Today I
responded
to an R-sig-phylo
query by
posting some code to optimize Pagel's λ tree transformation for a discrete
character evolving by a continuous-time Markov chain. I did this by writing a very simple
wrapper around ape's ace
function for ancestral character estimation, which
also fits this model:
## here's the wrapper function
fitLambda<-function(tree,x,model="ER"){
lik<-function(lambda,tree,x,model)
logLik(ace(x,rescale(tree,model="lambda",lambda),
type="discrete",model=model))
obj<-optimize(lik,c(0,1),tree=tree,x=x,model=model,maximum=TRUE)
fit<-ace(x,rescale(tree,model="lambda",lambda=obj$maximum),
type="discrete",model=model)
I<-fit$index.matrix
fitted.Q=matrix(fit$rates[I],dim(I)[1],dim(I)[2],
dimnames=list(dimnames(fit$lik.anc)[[2]],
dimnames(fit$lik.anc)[[2]]))
diag(fitted.Q)<--rowSums(fitted.Q,na.rm=TRUE)
list(Q=fitted.Q,lambda=obj$maximum,logLik=logLik(fit))
}
library(geiger)
library(phytools)
## simulate some data to test it
tree<-pbtree(n=200,scale=1)
Q<-matrix(c(-1,1,1,-1),2,2)
rownames(Q)<-colnames(Q)<-letters[1:2]
x<-sim.history(rescale(tree,model="lambda",lambda=0.7),Q)$states
## Done simulation(s).
fitLambda(tree,x)
## $Q
## a b
## a -0.7995 0.7995
## b 0.7995 -0.7995
##
## $lambda
## [1] 0.5154
##
## $logLik
## [1] -128.6
Note that the same model can also be fit using geiger's fitDiscrete
function, but the poster reported some issues with convergence which made me want to
post the second way. Here is fitDiscrete
fitDiscrete(tree,x,transform="lambda")
## DLSODA- Warning..Internal T (=R1) and H (=R2) are
## such that in the machine, T + H = T on the next step
## (H = step size).

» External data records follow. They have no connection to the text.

(* In $V_{1/2}^+$, every field $W^n(z)$ ($n$ odd) is a normally ordered polynomial in the fields $\partial^iW^1(z)$, $i\ge0$. Consequently $V_{1/2}^+$ is isomorphic to the simple Virasoro vertex algebra $L(\tfrac12,0)$ of central charge $\frac12$ (generated by $W^1(z)$).
   Context: $V_c^+$ is the vacuum vertex algebra of $\widehat{\mathcal D}^+$ with central charge $c$: $\widehat{\mathcal D}^+=\mathcal D^+\oplus\mathbb CC$ with $\mathcal D^+=\{a:\sigma(a)=-a\}$ inside the Lie algebra of differential operators $t^kf(D)$ on the circle ($D=t\frac d{dt}$), $\sigma(t)=t$, $\sigma(D)=-D-1$, central extension by the cocycle $\Psi(t^rf(D),t^{-r}g(D))=\sum_{-r\le j\le-1}f(j)g(j+r)$ ($r\ge0$); $V_c^+$ is the irreducible highest weight module with highest weight zero on $\mathcal D^+_0$ and $C=c$, with fields $W^n(z)=\sum_kW^n_kz^{-k-n-1}$, $W^n_k=-\frac12t^k([D]_n-[-D-k-1]_n)$, $n$ odd. The modes $W^1_k$ satisfy $[W^1_m,W^1_n]=(m-n)W^1_{m+n}+\delta_{m,-n}\frac{m^3-m}{12}C$. $L(c,h)$ denotes the irreducible highest weight Virasoro module; $L(\frac12,0)$ carries the simple Virasoro vertex algebra structure. *)

theory Defs
  imports "HOL-Analysis.Analysis" "HOL-Computational_Algebra.Polynomial"
begin

text \<open>Elements of the Lie algebra of differential operators on the circle:
  a finite sum  sum_k t^k f_k(D)  is encoded as the function k \<mapsto> f_k
  (a complex polynomial), with finite support.\<close>

type_synonym dop = "int \<Rightarrow> complex poly"

definition dsupp :: "dop \<Rightarrow> int set" where
  "dsupp a = {k. a k \<noteq> 0}"

definition pshift :: "complex poly \<Rightarrow> int \<Rightarrow> complex poly" where
  "pshift f s = pcompose f [:of_int s, 1:]"

text \<open>Bracket: [t^r f(D), t^s g(D)] = t^(r+s) (f(D+s) g(D) - g(D+r) f(D)),
  extended bilinearly.\<close>
definition dbracket :: "dop \<Rightarrow> dop \<Rightarrow> dop" where
  "dbracket a b = (\<lambda>k. \<Sum>r\<in>dsupp a.
      pshift (a r) (k - r) * b (k - r) - pshift (b (k - r)) r * a r)"

text \<open>Anti-involution sigma with sigma(t)=t, sigma(D) = -D-1:
  sigma(t^k f(D)) = f(-D-1) t^k = t^k f(-D-k-1).\<close>
definition dsigma :: "dop \<Rightarrow> dop" where
  "dsigma a = (\<lambda>k. pcompose (a k) [:- of_int k - 1, -1:])"

definition Dplus :: "dop set" where
  "Dplus = {a. finite (dsupp a) \<and> dsigma a = (\<lambda>k. - a k)}"

definition psi1 :: "int \<Rightarrow> complex poly \<Rightarrow> complex poly \<Rightarrow> complex" where
  "psi1 r f g = (if 0 \<le> r
      then (\<Sum>j\<in>{-r..-1}. poly f (of_int j) * poly g (of_int (j + r)))
      else - (\<Sum>j\<in>{r..-1}. poly g (of_int j) * poly f (of_int (j - r))))"

definition Psi :: "dop \<Rightarrow> dop \<Rightarrow> complex" where
  "Psi a b = (\<Sum>r\<in>dsupp a. psi1 r (a r) (b (- r)))"

definition dscale :: "complex \<Rightarrow> dop \<Rightarrow> dop" where
  "dscale z a = (\<lambda>k. smult z (a k))"

definition ffact_poly :: "nat \<Rightarrow> complex poly" where
  "ffact_poly n = (\<Prod>i<n. [:- of_nat i, 1:])"

definition Wmode :: "nat \<Rightarrow> int \<Rightarrow> dop" where
  "Wmode n k = (\<lambda>j. if j = k
      then smult (- 1/2) (ffact_poly n - pcompose (ffact_poly n) [:- of_int k - 1, -1:])
      else 0)"

text \<open>A representation of the central extension of D^+ on the complex vector space
  (UNIV, +, sc), with the central element C acting as the scalar c.\<close>
definition Dplus_rep ::
  "(complex \<Rightarrow> 'v::ab_group_add \<Rightarrow> 'v) \<Rightarrow> complex \<Rightarrow> (dop \<Rightarrow> 'v \<Rightarrow> 'v) \<Rightarrow> bool" where
  "Dplus_rep sc c \<rho> \<longleftrightarrow>
     vector_space sc \<and>
     (\<forall>a\<in>Dplus. Vector_Spaces.linear sc sc (\<rho> a)) \<and>
     (\<forall>a\<in>Dplus. \<forall>b\<in>Dplus. \<forall>z w v.
        \<rho> (\<lambda>k. dscale z a k + dscale w b k) v = sc z (\<rho> a v) + sc w (\<rho> b v)) \<and>
     (\<forall>a\<in>Dplus. \<forall>b\<in>Dplus. \<forall>v.
        \<rho> a (\<rho> b v) - \<rho> b (\<rho> a v) = \<rho> (dbracket a b) v + sc (c * Psi a b) v)"

text \<open>(V, rho, v0) is an irreducible highest weight module of hat D^+ with highest weight
  zero on D^+_0 and central charge c, i.e. a model of V_c^+ with vacuum v0.\<close>
definition is_Vplus ::
  "(complex \<Rightarrow> 'v::ab_group_add \<Rightarrow> 'v) \<Rightarrow> complex \<Rightarrow> (dop \<Rightarrow> 'v \<Rightarrow> 'v) \<Rightarrow> 'v \<Rightarrow> bool" where
  "is_Vplus sc c \<rho> v0 \<longleftrightarrow>
     Dplus_rep sc c \<rho> \<and> v0 \<noteq> 0 \<and>
     (\<forall>a\<in>Dplus. (\<forall>j\<le>0. a j = 0) \<longrightarrow> \<rho> a v0 = 0) \<and>
     (\<forall>a\<in>Dplus. (\<forall>j. j \<noteq> 0 \<longrightarrow> a j = 0) \<longrightarrow> \<rho> a v0 = 0) \<and>
     (\<forall>S. module.subspace sc S \<and> (\<forall>a\<in>Dplus. \<forall>v\<in>S. \<rho> a v \<in> S)
          \<longrightarrow> S = {0} \<or> S = UNIV)"

text \<open>The modes L : int => (V => V) make (V, sc) an irreducible highest weight
  Virasoro module with central charge c and highest weight h, highest weight vector v0,
  i.e. a model of L(c,h).\<close>
definition is_L_vir ::
  "(complex \<Rightarrow> 'v::ab_group_add \<Rightarrow> 'v) \<Rightarrow> (int \<Rightarrow> 'v \<Rightarrow> 'v) \<Rightarrow> complex \<Rightarrow> complex \<Rightarrow> 'v \<Rightarrow> bool" where
  "is_L_vir sc L c h v0 \<longleftrightarrow>
     vector_space sc \<and>
     (\<forall>k. Vector_Spaces.linear sc sc (L k)) \<and>
     (\<forall>m n v. L m (L n v) - L n (L m v) =
        sc (of_int (m - n)) (L (m + n) v)
        + (if m = - n then sc (of_int (m^3 - m) / 12 * c) v else 0)) \<and>
     v0 \<noteq> 0 \<and> (\<forall>k>0. L k v0 = 0) \<and> L 0 v0 = sc h v0 \<and>
     (\<forall>S. module.subspace sc S \<and> (\<forall>k. \<forall>v\<in>S. L k v \<in> S) \<longrightarrow> S = {0} \<or> S = UNIV)"

end

theory Submission
  imports Defs "HOL-Library.Function_Algebras"
begin

text \<open>
  Write \<open>D'\<close> for \<open>D + (k + 1)/2\<close> in degree \<open>k\<close>. As a Lie algebra, \<open>D\<^sup>+\<close> is generated by the
  modes of \<open>D'\<close> (the Virasoro modes \<open>-W\<^sup>1\<^sub>k\<close>) and of \<open>D'\<^sup>3\<close>. At central charge \<open>1/2\<close> the vector
  \<open>(t\<^sup>-\<^sup>4 D'\<^sup>3 + 6/7 (t\<^sup>-\<^sup>2 D')\<^sup>2 - 43/28 t\<^sup>-\<^sup>4 D') v\<^sub>0\<close> is annihilated by all positive modes,
  and an irreducible highest weight module has no such vectors of positive conformal weight, so
  it vanishes. Commuting with \<open>t\<^sup>-\<^sup>1 D'\<close> and then with the Virasoro modes, every mode of \<open>D'\<^sup>3\<close>,
  hence all of \<open>D\<^sup>+\<close>, preserves the Virasoro submodule generated by \<open>v\<^sub>0\<close>; by irreducibility this
  submodule is \<open>V\<close>.

  The same argument applies to the contragredient module, a highest weight module generated by
  the coordinate functional of \<open>v\<^sub>0\<close>. If a Virasoro submodule \<open>T\<close> does not contain \<open>v\<^sub>0\<close>, then
  every functional in the Virasoro submodule generated by that coordinate vanishes on \<open>T\<close>; their
  common kernel is a \<open>D\<^sup>+\<close>-submodule not containing \<open>v\<^sub>0\<close>, hence zero, so \<open>T = 0\<close>.
\<close>

section \<open>Symbols of homogeneous elements\<close>

definition dhom :: "int \<Rightarrow> complex poly \<Rightarrow> dop" where
  "dhom k f = (\<lambda>j. if j = k then f else 0)"

definition preflect :: "int \<Rightarrow> complex poly \<Rightarrow> complex poly" where
  "preflect k f = pcompose f [:- of_int k - 1, -1:]"

definition sigma_odd :: "int \<Rightarrow> complex poly \<Rightarrow> bool" where
  "sigma_odd k f \<longleftrightarrow> (\<forall>x. poly f (- x - of_int k - 1) = - poly f x)"

text \<open>In degree \<open>k\<close> the anti-involution \<open>\<sigma>\<close> acts on \<open>D' = D + (k + 1)/2\<close> as \<open>D' \<mapsto> -D'\<close>,
  so the degree-\<open>k\<close> part of \<open>D\<^sup>+\<close> consists of the \<open>t\<^sup>k p(D')\<close> with \<open>p\<close> odd; \<open>W\<^sup>1\<^sub>k = -t\<^sup>k D'\<close>.\<close>

definition cvar :: "int \<Rightarrow> complex poly" where
  "cvar k = [:(of_int k + 1) / 2, 1:]"

definition pbracket :: "int \<Rightarrow> complex poly \<Rightarrow> int \<Rightarrow> complex poly \<Rightarrow> complex poly" where
  "pbracket j f k g = pshift f k * g - pshift g j * f"

definition psi_hom :: "int \<Rightarrow> complex poly \<Rightarrow> int \<Rightarrow> complex poly \<Rightarrow> complex" where
  "psi_hom j f k g = (if j + k = 0 then psi1 j f g else 0)"

lemma poly_ext: "(\<And>x. poly p x = poly q x) \<Longrightarrow> (p :: complex poly) = q"
  by (simp add: poly_eq_poly_eq_iff[symmetric] fun_eq_iff)

lemma poly_pshift [simp]: "poly (pshift f s) x = poly f (x + of_int s)"
  by (simp add: pshift_def poly_pcompose algebra_simps)

lemma pshift_0_left [simp]: "pshift 0 s = 0"
  by (simp add: pshift_def)

lemma pshift_0_right [simp]: "pshift f 0 = f"
  by (rule poly_ext) simp

lemma pshift_minus [simp]: "pshift (- f) s = - pshift f s"
  by (rule poly_ext) simp

lemma pshift_pshift: "pshift (pshift f s) t = pshift f (s + t)"
  by (rule poly_ext) (simp add: algebra_simps)

lemma pshift_eq_0_iff [simp]: "pshift f s = 0 \<longleftrightarrow> f = 0"
proof
  assume "pshift f s = 0"
  then have "pshift (pshift f s) (- s) = 0"
    by simp
  then show "f = 0"
    by (simp add: pshift_pshift)
qed simp

lemma poly_preflect [simp]: "poly (preflect k f) x = poly f (- x - of_int k - 1)"
  by (simp add: preflect_def poly_pcompose algebra_simps)

lemma poly_cvar [simp]: "poly (cvar k) x = x + (of_int k + 1) / 2"
  by (simp add: cvar_def algebra_simps)

lemma sigma_odd_iff_preflect: "sigma_odd k f \<longleftrightarrow> preflect k f = - f"
proof
  assume "preflect k f = - f"
  then have "poly (preflect k f) x = poly (- f) x" for x
    by simp
  then show "sigma_odd k f"
    by (simp add: sigma_odd_def)
qed (auto simp: sigma_odd_def intro: poly_ext)

lemma sigma_oddD: "sigma_odd k f \<Longrightarrow> y = - x - of_int k - 1 \<Longrightarrow> poly f y = - poly f x"
  unfolding sigma_odd_def by auto

lemma sigma_odd_zero [simp]: "sigma_odd k 0"
  by (simp add: sigma_odd_def)

lemma sigma_odd_add: "sigma_odd k f \<Longrightarrow> sigma_odd k g \<Longrightarrow> sigma_odd k (f + g)"
  by (simp add: sigma_odd_def)

lemma sigma_odd_diff: "sigma_odd k f \<Longrightarrow> sigma_odd k g \<Longrightarrow> sigma_odd k (f - g)"
  by (simp add: sigma_odd_def)

lemma sigma_odd_minus: "sigma_odd k f \<Longrightarrow> sigma_odd k (- f)"
  by (simp add: sigma_odd_def)

lemma sigma_odd_smult: "sigma_odd k f \<Longrightarrow> sigma_odd k (smult z f)"
  by (simp add: sigma_odd_def)

lemma sigma_odd_cvar: "sigma_odd k (cvar k)"
  by (simp add: sigma_odd_def field_simps)

lemma sigma_odd_cvar_cube: "sigma_odd k (cvar k ^ 3)"
  by (simp add: sigma_odd_def field_simps power3_eq_cube)

lemma sigma_odd_pbracket:
  assumes f: "sigma_odd j f" and g: "sigma_odd k g"
  shows "sigma_odd (j + k) (pbracket j f k g)"
  unfolding sigma_odd_def
proof
  fix x :: complex
  have "poly f (- x - of_int (j + k) - 1 + of_int k) = - poly f x"
    "poly f (- x - of_int (j + k) - 1) = - poly f (x + of_int k)"
    "poly g (- x - of_int (j + k) - 1 + of_int j) = - poly g x"
    "poly g (- x - of_int (j + k) - 1) = - poly g (x + of_int j)"
    by (rule sigma_oddD[OF f] sigma_oddD[OF g]; simp)+
  then show "poly (pbracket j f k g) (- x - of_int (j + k) - 1) = - poly (pbracket j f k g) x"
    by (simp add: pbracket_def)
qed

Solver will continue anyway.
## In above message, R1 = 0, R2 = 0
##
## DINTDY- T (=R1) illegal
## In above message, R1 = 2.8036e-222
##
## T not in interval TCUR - HU (= R1) to TCUR (=R2)
## In above message, R1 = 0, R2 = 0
##
## DINTDY- T (=R1) illegal
## In above message, R1 = 8.66551e-221
##
## T not in interval TCUR - HU (= R1) to TCUR (=R2)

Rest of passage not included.